C.S. Mott Children's Hospital National Poll on Children's Health

The C.S. Mott Children's Hospital National Poll on Children's Health (Mott Poll) measures parental attitudes, experiences and priorities regarding health-related issues and trends for US children. The goal of the Mott Poll is to represent the parental perspective in coverage of child health topics, such as access to primary and specialty care, health and safety in schools and daycares, behavioral and mental health, and injury prevention. Results are disseminated through monthly Mott Poll Reports, academic publications, and conference presentations.

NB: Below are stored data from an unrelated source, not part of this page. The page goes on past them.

lemma cos_2pi_le_of_frac_mem:
  assumes a: "0 \<le> a" "a \<le> 1/2" and u: "frac u \<in> {a..1-a}"
  shows "cos (2 * pi * u) \<le> cos (2 * pi * a)"
proof -
  define v where "v = frac u"
  have v: "a \<le> v" "v \<le> 1 - a" using u by (auto simp: v_def)
  have "cos (2 * pi * v) \<le> cos (2 * pi * a)"
  proof (cases "v \<le> 1/2")
    case True
    then show ?thesis
      by (intro cos_monotone_0_pi_le) (use a v in \<open>auto intro: mult_left_mono\<close>)
  next
    case False
    have "cos (2 * pi * (1 - v)) \<le> cos (2 * pi * a)"
      by (intro cos_monotone_0_pi_le) (use a v False in \<open>auto intro: mult_left_mono\<close>)
    then show ?thesis by (simp add: right_diff_distrib cos_diff)
  qed
  then show ?thesis by (simp add: v_def cos_2pi_frac)
qed

lemma norm_1_plus_iexp: "cmod (1 + iexp \<theta>) = sqrt (2 + 2 * cos \<theta>)"
proof -
  have "1 + iexp \<theta> = Complex (1 + cos \<theta>) (sin \<theta>)"
    by (simp flip: cis_conv_exp add: complex_eq_iff)
  hence "cmod (1 + iexp \<theta>) = sqrt ((1 + cos \<theta>)\<^sup>2 + (sin \<theta>)\<^sup>2)"
    by (simp add: cmod_def)
  also have "(1 + cos \<theta>)\<^sup>2 + (sin \<theta>)\<^sup>2 = 2 + 2 * cos \<theta>"
    using sin_cos_squared_add[of \<theta>] by (simp add: power2_eq_square algebra_simps)
  finally show ?thesis .
qed

definition fourier_mask :: "nat set \<Rightarrow> real \<Rightarrow> complex" where
  "fourier_mask B s = (\<Sum>d\<in>B. iexp (2 * pi * s * real d)) / real (card B)"

definition mask_bound :: "nat \<Rightarrow> nat set \<Rightarrow> real" where
  "mask_bound M B =
     (real (card B) - 2 + sqrt (2 + 2 * cos (2 * pi * (1 / (4 * real M))))) / real (card B)"

lemma norm_fourier_mask_le_1: "finite B \<Longrightarrow> B \<noteq> {} \<Longrightarrow> cmod (fourier_mask B s) \<le> 1"
  unfolding fourier_mask_def by (rule norm_average_iexp_le_1)

text \<open>Two digits \<open>b0 < b1\<close> whose phases \<open>2\<pi>s b0\<close>, \<open>2\<pi>s b1\<close> are not nearly aligned already force
  cancellation in the average defining the mask.\<close>

lemma norm_fourier_mask_le_mask_bound:
  assumes B: "finite B" and b: "b0 \<in> B" "b1 \<in> B" "b0 < b1" and M: "M \<ge> 3"
    and good: "frac (real (b1 - b0) * s) \<in> {1 / (4 * real M)..1 - 1 / (4 * real M)}"
  shows "cmod (fourier_mask B s) \<le> mask_bound M B"
proof -
  define a where "a = 1 / (4 * real M)"
  have a: "0 \<le> a" "a \<le> 1/2" using M by (auto simp: a_def field_simps)
  define E where "E d = iexp (2 * pi * s * real d)" for d
  have card: "card B \<ge> 2" using card_mono[OF B, of "{b0, b1}"] b by simp
  have "(\<Sum>d\<in>B. E d) = E b0 + E b1 + (\<Sum>d\<in>B - {b0, b1}. E d)"
    using B b by (subst sum.subset_diff[of "{b0, b1}"]) auto
  hence "cmod (\<Sum>d\<in>B. E d) \<le> cmod (E b0 + E b1) + cmod (\<Sum>d\<in>B - {b0, b1}. E d)"
    by (metis norm_triangle_ineq)
  also have "cmod (\<Sum>d\<in>B - {b0, b1}. E d) \<le> (\<Sum>d\<in>B - {b0, b1}. cmod (E d))" by (rule norm_sum)
  also have "\<dots> = real (card B) - 2"
    using B b card by (simp add: E_def card_Diff_subset of_nat_diff)
  also have "E b0 + E b1 = E b0 * (1 + iexp (2 * pi * (real (b1 - b0) * s)))"
    using b by (simp add: E_def algebra_simps of_nat_diff flip: exp_add)
  also have "cmod \<dots> = sqrt (2 + 2 * cos (2 * pi * (real (b1 - b0) * s)))"
    by (simp only: norm_mult norm_1_plus_iexp) (simp add: E_def)
  also have "\<dots> \<le> sqrt (2 + 2 * cos (2 * pi * a))"
    using cos_2pi_le_of_frac_mem[OF a good[folded a_def]] by simp
  finally have "cmod (\<Sum>d\<in>B. E d) \<le> real (card B) - 2 + sqrt (2 + 2 * cos (2 * pi * a))" by simp
  then show ?thesis
    using card by (simp add: fourier_mask_def mask_bound_def a_def E_def norm_divide divide_right_mono)
qed

lemma mask_bound_bounds:
  assumes M: "M \<ge> 3" and B: "card B \<ge> 2" shows "0 \<le> mask_bound M B" "mask_bound M B < 1"
proof -
  define a where "a = 1 / (4 * real M)"
  have a: "0 < a" "a \<le> 1/2" using M by (auto simp: a_def field_simps)
  have "cos (2 * pi * a) < cos 0"
    by (rule cos_monotone_0_pi) (use a in auto)
  hence "sqrt (2 + 2 * cos (2 * pi * a)) < sqrt 4" by (simp only: real_sqrt_less_iff) simp
  hence "sqrt (2 + 2 * cos (2 * pi * a)) < 2" by simp
  then show "mask_bound M B < 1"
    using B unfolding mask_bound_def a_def[symmetric] by (simp add: divide_less_eq)
  have "0 \<le> 2 + 2 * cos (2 * pi * a)" using cos_ge_minus_one[of "2 * pi * a"] by linarith
  then show "0 \<le> mask_bound M B"
    using B unfolding mask_bound_def a_def[symmetric] by (intro divide_nonneg_nonneg) auto
qed

lemma char_eq_prod_fourier_mask:
  assumes P: "self_similar_measure M B \<nu>" and B: "finite B" "B \<noteq> {}" and M: "M > 0"
  shows "char \<nu> (2 * pi * t) =
    (\<Prod>i<I. fourier_mask B (t / real M ^ Suc i)) * char \<nu> (2 * pi * (t / real M ^ I))"
proof (induction I)
  case (Suc I)
  have "char \<nu> (2 * pi * (t / real M ^ I)) =
      fourier_mask B (t / real M ^ I / real M) * char \<nu> (2 * pi * (t / real M ^ I / real M))"
    using char_self_similar[OF P B M, of "2 * pi * (t / real M ^ I)"]
    by (simp add: fourier_mask_def mult.assoc)
  with Suc show ?case by (simp add: field_simps)
qed simp

lemma norm_char_le_mask_bound_pow:
  assumes P: "self_similar_measure M B \<nu>" and B: "finite B" and b: "b0 \<in> B" "b1 \<in> B" "b0 < b1"
    and M: "M \<ge> 3" and S: "finite S"
    and good: "\<And>i. i \<in> S \<Longrightarrow>
      frac (real (b1 - b0) * (t / real M ^ Suc i)) \<in> {1 / (4 * real M)..1 - 1 / (4 * real M)}"
  shows "cmod (char \<nu> (2 * pi * t)) \<le> mask_bound M B ^ card S"
proof -
  have Bne: "B \<noteq> {}" using b by auto
  interpret real_distribution \<nu> using P by (rule real_distribution_self_similar)
  obtain I where I: "S \<subseteq> {..<I}" using S by (meson finite_nat_bounded)
  have "cmod (char \<nu> (2 * pi * t)) =
      (\<Prod>i<I. cmod (fourier_mask B (t / real M ^ Suc i))) * cmod (char \<nu> (2 * pi * (t / real M ^ I)))"
    using char_eq_prod_fourier_mask[OF P B Bne, of t I] M by (simp add: norm_mult prod_norm)
  also have "\<dots> \<le> (\<Prod>i<I. cmod (fourier_mask B (t / real M ^ Suc i)))"
    using cmod_char_le_1 by (simp add: mult_left_le prod_nonneg)
  also have "\<dots> \<le> (\<Prod>i<I. if i \<in> S then mask_bound M B else 1)"
    using norm_fourier_mask_le_mask_bound[OF B b M good] norm_fourier_mask_le_1[OF B Bne]
    by (auto intro!: prod_mono)
  also have "\<dots> = mask_bound M B ^ card S"
    using I by (simp add: prod.If_cases Int_absorb1 Int_absorb2 subset_eq)
  finally show ?thesis .
qed

lemma char_uminus: "char \<nu> (- t) = cnj (char \<nu> t)"
proof -
  have "(\<lambda>x. iexp (- t * x)) = (\<lambda>x. cnj (iexp (t * x)))"
    by (auto simp: exp_cnj)
  then show ?thesis unfolding char_def by simp
qed

section \<open>Powers of \<open>N\<close> with many prescribed base-\<open>M\<close> digits\<close>

lemma ln_ratio_irrational:
  assumes ind: "mult_independent (int M) (int N)" and M: "M \<ge> 2" and N: "N \<ge> 2"
  shows "ln (real N) / ln (real M) \<notin> \<rat>"
proof
  assume "ln (real N) / ln (real M) \<in> \<rat>"
  then obtain a b :: int where b: "b > 0" and ab: "ln (real N) / ln (real M) = of_int a / of_int b"
    by (rule Rats_cases') blast
  have lnM: "ln (real M) > 0" and lnN: "ln (real N) > 0" using M N by simp_all
  have "of_int a / of_int b > (0::real)" using ab lnM lnN by (metis divide_pos_pos)
  hence a: "a > 0" using b by (simp add: zero_less_divide_iff)
  have "real_of_int b * ln (real N) = real_of_int a * ln (real M)"
    using ab lnM b by (simp add: field_simps)
  hence "ln (real N ^ nat b) = ln (real M ^ nat a)"
    using a b by (simp add: ln_realpow)
  hence "real N ^ nat b = real M ^ nat a"
    using M N by (subst (asm) ln_inj_iff) auto
  moreover have "(of_int (int M) :: real) powi a = real M ^ nat a"
    "(of_int (int N) :: real) powi b = real N ^ nat b"
    using a b by (simp_all add: power_int_def)
  ultimately have "(of_int (int M) :: real) powi a = of_int (int N) powi b" by simp
  hence "mult_dependent (int M) (int N)"
    unfolding mult_dependent_def using a by (intro exI[of _ a] exI[of _ b]) simp
  with ind show False unfolding mult_independent_def by simp
qed

lemma exists_frac_mult_near:
  assumes \<alpha>: "\<alpha> \<notin> \<rat>" and \<beta>: "0 \<le> \<beta>" "\<beta> \<le> 1" and \<delta>: "\<delta> > 0" and K: "K > 0"
  shows "\<exists>k\<ge>K. \<bar>frac (real k * \<alpha>) - \<beta>\<bar> < \<delta>"
proof -
  have "real K * \<alpha> \<notin> \<rat>"
  proof
    assume "real K * \<alpha> \<in> \<rat>"
    hence "real K * \<alpha> / real K \<in> \<rat>" by (intro Rats_divide) auto
    thus False using \<alpha> K by simp
  qed
  then obtain k' where "k' > 0" "\<bar>frac (real k' * (real K * \<alpha>)) - \<beta>\<bar> < \<delta>"
    using Kronecker_approx_1_explicit \<beta> \<delta> by blast
  then show ?thesis by (intro exI[of _ "k' * K"]) (auto simp: mult.assoc)
qed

Data collection for the Mott Poll draws upon a nationally representative probability-sample panel of US households, the KnowledgePanel® (Ipsos Public Affairs, LLC). The KnowledgePanel® is the largest national, probability-based panel in the US. Panel recruitment utilizes address-based sampling; households without Internet access are provided a web-enabled computer and free Internet service. Ipsos conducts all data collection activities for the Mott Poll.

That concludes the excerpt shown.